Work instruction:
Copy every line of the records below that holds the word "based".

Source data

Segment Open

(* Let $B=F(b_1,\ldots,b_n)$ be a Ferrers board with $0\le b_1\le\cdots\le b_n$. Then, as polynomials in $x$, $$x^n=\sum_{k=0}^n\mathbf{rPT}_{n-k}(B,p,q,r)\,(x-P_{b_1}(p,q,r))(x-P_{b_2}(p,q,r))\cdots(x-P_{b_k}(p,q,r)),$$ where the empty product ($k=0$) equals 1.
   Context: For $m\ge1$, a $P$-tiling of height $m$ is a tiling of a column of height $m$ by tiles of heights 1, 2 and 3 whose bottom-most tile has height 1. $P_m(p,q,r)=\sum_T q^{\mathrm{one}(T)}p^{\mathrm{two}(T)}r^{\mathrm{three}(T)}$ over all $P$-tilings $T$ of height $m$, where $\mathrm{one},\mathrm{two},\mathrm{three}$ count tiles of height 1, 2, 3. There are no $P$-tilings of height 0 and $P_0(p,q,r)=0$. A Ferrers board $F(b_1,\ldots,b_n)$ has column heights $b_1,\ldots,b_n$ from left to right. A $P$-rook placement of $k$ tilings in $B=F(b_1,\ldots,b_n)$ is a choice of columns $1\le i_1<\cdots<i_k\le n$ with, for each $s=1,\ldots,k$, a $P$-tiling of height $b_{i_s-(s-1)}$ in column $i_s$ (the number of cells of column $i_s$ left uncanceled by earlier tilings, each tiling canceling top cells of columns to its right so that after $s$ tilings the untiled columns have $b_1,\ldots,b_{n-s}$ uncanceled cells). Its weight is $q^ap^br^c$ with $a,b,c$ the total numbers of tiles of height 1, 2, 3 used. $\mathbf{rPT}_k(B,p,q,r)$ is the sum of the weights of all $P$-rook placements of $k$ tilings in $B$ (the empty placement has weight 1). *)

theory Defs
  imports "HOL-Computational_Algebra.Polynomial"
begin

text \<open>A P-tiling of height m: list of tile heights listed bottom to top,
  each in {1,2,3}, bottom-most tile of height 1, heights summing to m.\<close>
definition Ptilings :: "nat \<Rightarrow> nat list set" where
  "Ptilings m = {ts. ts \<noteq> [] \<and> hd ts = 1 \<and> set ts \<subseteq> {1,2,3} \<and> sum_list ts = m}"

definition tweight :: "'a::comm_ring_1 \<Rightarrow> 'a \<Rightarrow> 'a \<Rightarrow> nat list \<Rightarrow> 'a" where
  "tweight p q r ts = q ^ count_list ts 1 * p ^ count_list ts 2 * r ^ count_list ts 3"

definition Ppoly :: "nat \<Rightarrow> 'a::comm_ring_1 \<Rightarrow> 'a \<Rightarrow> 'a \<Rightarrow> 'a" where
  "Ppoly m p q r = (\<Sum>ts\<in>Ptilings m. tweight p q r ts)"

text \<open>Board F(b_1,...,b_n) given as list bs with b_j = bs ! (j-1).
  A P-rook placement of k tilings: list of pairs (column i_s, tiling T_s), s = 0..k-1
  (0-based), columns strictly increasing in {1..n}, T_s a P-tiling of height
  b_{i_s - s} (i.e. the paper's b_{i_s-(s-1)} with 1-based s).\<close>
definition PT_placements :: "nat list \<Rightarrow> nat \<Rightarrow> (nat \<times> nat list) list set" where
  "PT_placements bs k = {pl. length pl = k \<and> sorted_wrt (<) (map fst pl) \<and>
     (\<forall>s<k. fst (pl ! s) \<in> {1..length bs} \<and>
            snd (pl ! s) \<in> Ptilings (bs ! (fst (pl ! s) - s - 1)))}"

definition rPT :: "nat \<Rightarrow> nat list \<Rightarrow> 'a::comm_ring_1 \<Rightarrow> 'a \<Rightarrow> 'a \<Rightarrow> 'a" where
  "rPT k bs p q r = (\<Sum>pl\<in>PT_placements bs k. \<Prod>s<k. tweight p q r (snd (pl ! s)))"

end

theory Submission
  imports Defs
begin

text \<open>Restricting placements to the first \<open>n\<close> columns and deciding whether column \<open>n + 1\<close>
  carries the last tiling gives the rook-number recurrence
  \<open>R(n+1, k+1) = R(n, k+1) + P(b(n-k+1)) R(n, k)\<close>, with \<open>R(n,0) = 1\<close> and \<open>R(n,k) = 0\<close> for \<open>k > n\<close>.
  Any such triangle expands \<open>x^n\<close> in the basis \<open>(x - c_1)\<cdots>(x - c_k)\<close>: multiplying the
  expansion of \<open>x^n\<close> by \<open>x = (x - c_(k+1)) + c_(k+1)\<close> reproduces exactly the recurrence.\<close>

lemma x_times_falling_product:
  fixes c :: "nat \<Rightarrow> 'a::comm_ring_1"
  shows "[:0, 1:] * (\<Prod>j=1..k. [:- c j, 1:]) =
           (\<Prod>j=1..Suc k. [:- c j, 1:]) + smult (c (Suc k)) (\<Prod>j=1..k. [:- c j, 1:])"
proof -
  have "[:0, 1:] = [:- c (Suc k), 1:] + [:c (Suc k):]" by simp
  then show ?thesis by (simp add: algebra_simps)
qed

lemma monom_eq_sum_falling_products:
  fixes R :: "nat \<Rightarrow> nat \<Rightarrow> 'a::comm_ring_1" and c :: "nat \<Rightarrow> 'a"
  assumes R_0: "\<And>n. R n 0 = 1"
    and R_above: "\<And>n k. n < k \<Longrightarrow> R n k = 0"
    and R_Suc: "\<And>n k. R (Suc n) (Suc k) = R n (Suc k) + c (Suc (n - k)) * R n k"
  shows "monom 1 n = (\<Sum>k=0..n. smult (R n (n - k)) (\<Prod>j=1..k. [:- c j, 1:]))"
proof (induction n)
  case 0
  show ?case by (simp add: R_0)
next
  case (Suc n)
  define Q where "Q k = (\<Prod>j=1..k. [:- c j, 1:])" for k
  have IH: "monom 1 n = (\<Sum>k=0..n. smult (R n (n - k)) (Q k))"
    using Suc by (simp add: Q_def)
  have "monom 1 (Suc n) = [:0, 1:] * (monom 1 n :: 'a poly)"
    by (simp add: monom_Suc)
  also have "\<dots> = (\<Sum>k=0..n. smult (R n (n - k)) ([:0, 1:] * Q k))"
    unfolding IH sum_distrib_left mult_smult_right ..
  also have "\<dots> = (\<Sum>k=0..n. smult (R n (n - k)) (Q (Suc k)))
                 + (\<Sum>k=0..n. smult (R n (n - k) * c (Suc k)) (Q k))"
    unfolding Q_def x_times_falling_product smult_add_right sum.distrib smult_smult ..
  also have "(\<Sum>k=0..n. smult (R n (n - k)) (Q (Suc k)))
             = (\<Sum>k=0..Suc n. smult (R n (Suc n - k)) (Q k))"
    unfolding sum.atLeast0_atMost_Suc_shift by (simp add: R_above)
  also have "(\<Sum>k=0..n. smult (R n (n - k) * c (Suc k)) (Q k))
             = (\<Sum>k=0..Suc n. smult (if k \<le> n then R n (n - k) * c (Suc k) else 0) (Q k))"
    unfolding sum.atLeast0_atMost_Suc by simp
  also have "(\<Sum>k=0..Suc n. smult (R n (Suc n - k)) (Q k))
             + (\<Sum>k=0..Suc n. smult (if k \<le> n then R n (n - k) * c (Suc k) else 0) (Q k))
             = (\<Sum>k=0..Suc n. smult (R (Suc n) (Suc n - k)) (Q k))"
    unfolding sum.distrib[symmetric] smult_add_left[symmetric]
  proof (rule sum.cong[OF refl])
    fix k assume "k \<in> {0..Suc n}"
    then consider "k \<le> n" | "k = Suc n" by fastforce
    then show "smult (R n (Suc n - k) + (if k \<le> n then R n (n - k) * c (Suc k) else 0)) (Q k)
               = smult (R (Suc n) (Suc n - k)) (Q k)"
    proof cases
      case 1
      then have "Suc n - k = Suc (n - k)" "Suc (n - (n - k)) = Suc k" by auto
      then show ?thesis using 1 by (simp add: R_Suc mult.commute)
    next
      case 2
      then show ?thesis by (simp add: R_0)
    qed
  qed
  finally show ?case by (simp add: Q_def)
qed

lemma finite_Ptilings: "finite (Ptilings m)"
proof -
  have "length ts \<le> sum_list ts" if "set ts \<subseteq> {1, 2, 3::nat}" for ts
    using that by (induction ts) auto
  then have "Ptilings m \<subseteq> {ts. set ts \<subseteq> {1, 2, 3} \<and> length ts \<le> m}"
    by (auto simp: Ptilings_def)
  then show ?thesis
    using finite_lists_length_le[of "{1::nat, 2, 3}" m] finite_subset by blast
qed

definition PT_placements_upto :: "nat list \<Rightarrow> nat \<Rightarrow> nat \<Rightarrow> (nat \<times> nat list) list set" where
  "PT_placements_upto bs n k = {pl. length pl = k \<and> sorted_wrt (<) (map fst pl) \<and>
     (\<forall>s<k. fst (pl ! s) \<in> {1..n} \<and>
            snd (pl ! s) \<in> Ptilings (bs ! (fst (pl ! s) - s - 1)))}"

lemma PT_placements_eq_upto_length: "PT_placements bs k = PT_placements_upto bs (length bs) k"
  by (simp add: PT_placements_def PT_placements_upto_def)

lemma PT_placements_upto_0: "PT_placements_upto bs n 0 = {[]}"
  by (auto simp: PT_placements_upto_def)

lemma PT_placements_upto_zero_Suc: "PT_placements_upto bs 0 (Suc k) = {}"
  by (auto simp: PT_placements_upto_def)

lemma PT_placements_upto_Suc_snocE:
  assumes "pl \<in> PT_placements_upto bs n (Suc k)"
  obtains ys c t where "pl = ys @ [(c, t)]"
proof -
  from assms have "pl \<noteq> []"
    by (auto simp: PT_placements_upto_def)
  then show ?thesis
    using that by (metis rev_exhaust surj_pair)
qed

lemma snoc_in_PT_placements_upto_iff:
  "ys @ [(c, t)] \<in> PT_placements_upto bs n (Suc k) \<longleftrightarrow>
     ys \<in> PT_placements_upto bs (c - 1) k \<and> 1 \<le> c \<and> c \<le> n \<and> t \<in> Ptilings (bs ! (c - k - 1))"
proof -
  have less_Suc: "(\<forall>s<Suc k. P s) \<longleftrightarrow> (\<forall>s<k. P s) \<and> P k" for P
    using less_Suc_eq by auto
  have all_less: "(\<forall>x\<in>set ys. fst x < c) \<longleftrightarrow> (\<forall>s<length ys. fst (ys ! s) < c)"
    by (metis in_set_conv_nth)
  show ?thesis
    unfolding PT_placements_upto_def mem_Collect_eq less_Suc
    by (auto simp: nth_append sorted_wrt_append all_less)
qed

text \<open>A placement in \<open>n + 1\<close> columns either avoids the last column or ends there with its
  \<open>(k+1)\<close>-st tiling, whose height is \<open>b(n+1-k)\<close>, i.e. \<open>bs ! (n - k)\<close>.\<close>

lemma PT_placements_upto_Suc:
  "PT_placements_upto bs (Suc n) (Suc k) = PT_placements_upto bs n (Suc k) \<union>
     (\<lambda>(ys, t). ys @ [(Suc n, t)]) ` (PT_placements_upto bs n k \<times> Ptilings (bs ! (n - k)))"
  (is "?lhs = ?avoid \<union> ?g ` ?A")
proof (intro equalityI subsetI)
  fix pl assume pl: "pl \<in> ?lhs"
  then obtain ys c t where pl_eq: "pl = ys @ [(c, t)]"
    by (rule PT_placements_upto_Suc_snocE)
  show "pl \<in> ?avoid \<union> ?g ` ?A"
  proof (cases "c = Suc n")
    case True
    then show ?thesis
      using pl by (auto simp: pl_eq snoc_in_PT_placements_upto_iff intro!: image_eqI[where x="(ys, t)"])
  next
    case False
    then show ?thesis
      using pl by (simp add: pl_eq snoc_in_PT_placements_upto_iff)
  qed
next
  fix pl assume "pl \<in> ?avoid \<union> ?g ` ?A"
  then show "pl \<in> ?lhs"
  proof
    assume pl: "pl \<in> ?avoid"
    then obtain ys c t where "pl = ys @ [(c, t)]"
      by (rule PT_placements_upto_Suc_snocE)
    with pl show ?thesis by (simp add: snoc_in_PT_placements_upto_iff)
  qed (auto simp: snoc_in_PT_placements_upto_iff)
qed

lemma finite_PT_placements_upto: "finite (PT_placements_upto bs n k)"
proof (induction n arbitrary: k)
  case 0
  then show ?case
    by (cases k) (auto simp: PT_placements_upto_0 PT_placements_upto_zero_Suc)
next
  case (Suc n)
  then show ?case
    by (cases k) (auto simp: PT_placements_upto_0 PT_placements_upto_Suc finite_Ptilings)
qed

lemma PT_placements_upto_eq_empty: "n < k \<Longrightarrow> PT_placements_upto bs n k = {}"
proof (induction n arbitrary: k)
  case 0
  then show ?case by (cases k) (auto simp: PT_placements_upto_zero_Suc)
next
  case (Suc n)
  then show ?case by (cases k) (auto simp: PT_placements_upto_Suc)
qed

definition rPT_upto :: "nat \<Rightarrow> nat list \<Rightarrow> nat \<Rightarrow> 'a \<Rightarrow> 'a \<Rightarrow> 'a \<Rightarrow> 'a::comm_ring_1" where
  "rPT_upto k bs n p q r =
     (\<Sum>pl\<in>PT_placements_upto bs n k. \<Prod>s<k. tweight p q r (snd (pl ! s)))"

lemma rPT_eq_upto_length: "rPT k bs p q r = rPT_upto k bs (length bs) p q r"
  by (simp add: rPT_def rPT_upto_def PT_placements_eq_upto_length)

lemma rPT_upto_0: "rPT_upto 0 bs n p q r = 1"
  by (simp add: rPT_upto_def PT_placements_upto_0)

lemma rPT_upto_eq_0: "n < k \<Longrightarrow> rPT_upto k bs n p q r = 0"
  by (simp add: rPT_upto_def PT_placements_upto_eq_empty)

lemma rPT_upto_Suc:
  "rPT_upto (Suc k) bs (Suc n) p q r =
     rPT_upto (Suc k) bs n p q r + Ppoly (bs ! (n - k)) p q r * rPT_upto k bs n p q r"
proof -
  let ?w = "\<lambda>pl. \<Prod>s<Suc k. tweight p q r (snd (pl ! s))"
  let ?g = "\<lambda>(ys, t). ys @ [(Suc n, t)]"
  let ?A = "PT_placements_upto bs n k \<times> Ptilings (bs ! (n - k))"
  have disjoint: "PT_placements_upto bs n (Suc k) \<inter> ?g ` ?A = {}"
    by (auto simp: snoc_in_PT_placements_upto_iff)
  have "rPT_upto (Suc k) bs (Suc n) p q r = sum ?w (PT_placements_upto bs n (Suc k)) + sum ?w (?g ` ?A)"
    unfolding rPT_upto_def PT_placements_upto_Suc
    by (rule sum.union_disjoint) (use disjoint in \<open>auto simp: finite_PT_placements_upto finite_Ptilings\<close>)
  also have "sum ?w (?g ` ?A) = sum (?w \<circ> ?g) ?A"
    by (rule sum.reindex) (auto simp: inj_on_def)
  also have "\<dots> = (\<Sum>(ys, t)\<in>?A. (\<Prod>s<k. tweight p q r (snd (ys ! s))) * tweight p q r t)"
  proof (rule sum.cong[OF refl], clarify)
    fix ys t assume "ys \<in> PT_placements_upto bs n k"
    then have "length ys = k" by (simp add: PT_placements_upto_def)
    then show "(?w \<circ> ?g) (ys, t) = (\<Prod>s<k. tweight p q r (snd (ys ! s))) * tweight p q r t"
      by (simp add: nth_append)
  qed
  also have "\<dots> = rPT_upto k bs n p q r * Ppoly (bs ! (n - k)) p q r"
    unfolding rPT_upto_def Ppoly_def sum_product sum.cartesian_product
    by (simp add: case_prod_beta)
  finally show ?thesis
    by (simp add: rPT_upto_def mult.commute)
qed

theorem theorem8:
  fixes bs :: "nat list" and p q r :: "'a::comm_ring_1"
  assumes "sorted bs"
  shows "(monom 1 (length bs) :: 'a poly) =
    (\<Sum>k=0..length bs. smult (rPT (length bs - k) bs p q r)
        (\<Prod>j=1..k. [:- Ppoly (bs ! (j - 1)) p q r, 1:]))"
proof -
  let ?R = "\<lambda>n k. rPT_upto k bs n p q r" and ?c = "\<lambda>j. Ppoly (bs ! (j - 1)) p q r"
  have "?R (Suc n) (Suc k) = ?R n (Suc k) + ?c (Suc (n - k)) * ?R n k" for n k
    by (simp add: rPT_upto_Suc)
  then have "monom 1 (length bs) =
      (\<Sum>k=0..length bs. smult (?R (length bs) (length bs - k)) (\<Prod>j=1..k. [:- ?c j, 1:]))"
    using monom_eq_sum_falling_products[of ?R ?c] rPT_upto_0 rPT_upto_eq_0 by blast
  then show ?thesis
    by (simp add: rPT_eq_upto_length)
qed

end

Segment Closed

Result for this task:
  (0-based), columns strictly increasing in {1..n}, T_s a P-tiling of height
  b_{i_s - s} (i.e. the paper's b_{i_s-(s-1)} with 1-based s).\<close>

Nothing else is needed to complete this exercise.